#### EXCERPTED DATA:
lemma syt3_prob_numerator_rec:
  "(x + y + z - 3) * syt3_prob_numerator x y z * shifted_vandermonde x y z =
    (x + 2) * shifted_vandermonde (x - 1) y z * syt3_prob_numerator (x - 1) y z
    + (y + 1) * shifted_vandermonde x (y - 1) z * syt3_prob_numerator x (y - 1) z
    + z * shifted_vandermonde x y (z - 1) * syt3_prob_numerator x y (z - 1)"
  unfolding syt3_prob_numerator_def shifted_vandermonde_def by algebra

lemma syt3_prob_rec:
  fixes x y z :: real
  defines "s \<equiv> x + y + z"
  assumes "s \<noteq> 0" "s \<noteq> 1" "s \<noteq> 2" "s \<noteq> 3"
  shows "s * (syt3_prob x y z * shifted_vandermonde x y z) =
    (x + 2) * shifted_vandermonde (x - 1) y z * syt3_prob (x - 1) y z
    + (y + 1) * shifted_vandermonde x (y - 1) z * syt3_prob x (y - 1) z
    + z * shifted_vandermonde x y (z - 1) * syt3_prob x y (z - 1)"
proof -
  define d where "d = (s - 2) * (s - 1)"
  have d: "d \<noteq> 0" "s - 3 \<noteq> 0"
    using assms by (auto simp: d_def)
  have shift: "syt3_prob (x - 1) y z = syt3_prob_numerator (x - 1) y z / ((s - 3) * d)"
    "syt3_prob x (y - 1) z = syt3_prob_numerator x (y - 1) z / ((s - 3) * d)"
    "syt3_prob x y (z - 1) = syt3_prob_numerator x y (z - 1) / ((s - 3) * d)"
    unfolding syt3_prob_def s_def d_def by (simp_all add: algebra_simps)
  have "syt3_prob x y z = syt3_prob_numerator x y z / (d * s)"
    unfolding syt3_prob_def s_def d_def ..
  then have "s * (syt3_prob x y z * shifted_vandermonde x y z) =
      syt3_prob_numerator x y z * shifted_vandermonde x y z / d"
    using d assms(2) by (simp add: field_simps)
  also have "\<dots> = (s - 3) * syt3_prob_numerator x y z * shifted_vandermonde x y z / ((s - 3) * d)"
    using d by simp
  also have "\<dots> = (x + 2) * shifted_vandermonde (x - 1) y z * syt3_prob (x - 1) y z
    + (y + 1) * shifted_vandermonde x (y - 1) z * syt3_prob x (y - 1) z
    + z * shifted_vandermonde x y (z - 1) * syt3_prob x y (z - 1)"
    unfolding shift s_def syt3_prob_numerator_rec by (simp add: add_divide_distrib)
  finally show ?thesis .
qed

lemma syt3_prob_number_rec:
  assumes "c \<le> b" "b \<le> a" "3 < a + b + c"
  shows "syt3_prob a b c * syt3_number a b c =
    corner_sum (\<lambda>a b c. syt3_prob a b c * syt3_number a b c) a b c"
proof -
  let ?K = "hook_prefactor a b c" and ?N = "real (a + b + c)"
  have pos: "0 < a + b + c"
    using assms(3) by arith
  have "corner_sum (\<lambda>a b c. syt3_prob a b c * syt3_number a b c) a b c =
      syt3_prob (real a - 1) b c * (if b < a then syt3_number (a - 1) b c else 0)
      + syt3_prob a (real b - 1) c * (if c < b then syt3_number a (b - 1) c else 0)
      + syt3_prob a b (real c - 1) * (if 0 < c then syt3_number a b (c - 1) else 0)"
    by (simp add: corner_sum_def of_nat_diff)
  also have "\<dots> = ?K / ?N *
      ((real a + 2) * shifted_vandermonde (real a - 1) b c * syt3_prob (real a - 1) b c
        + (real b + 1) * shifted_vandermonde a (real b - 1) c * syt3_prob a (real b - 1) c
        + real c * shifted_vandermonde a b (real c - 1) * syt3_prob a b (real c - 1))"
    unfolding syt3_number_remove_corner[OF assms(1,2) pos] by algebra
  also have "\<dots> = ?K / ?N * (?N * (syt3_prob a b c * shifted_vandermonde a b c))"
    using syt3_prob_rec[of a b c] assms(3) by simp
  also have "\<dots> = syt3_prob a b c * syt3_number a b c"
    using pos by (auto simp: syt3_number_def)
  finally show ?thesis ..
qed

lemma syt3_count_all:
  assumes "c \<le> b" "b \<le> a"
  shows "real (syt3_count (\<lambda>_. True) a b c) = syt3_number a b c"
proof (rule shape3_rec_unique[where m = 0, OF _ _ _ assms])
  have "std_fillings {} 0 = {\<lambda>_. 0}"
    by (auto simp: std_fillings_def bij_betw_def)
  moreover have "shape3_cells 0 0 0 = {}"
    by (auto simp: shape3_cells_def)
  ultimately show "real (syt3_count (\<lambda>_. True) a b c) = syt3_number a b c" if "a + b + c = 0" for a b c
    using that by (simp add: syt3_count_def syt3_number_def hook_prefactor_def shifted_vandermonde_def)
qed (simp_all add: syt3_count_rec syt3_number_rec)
* * *
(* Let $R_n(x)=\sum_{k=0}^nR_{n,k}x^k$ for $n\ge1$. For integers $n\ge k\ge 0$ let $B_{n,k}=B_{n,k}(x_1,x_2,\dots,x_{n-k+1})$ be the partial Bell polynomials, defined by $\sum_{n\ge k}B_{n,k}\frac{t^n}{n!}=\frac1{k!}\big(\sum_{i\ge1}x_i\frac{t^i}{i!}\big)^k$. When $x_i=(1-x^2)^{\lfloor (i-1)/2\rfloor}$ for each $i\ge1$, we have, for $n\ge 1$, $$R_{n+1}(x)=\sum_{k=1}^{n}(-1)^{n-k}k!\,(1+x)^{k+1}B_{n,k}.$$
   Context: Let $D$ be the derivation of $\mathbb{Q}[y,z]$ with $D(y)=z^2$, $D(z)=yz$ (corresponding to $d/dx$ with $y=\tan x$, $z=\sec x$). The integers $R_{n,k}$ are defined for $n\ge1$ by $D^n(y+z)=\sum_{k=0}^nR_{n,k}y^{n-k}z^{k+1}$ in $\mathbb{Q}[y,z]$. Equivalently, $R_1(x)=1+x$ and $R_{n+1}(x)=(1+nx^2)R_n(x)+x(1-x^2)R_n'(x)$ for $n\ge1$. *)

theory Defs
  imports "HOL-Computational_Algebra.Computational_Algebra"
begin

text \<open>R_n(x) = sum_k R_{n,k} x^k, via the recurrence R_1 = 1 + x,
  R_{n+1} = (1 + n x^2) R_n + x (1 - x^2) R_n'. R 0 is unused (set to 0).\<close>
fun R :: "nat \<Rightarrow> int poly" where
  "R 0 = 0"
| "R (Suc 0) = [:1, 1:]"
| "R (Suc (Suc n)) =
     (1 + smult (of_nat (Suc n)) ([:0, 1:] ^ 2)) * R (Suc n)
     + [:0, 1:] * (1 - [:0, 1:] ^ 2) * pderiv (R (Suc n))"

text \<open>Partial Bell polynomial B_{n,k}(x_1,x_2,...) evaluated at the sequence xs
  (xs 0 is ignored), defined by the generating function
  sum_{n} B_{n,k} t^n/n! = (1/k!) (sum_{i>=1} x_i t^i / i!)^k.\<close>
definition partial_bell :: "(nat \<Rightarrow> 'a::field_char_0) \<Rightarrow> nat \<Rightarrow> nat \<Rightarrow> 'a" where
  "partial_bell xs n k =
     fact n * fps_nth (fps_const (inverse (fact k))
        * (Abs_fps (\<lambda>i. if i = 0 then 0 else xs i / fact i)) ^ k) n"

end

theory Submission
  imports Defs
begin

#### WHAT TO DO:
In the listing above, locate each line with "then" and copy it.

#### RESPONSE TO THE TASK:
  then have "s * (syt3_prob x y z * shifted_vandermonde x y z) =
      syt3_prob (real a - 1) b c * (if b < a then syt3_number (a - 1) b c else 0)
      + syt3_prob a (real b - 1) c * (if c < b then syt3_number a (b - 1) c else 0)
      + syt3_prob a b (real c - 1) * (if 0 < c then syt3_number a b (c - 1) else 0)"
        * (Abs_fps (\<lambda>i. if i = 0 then 0 else xs i / fact i)) ^ k) n"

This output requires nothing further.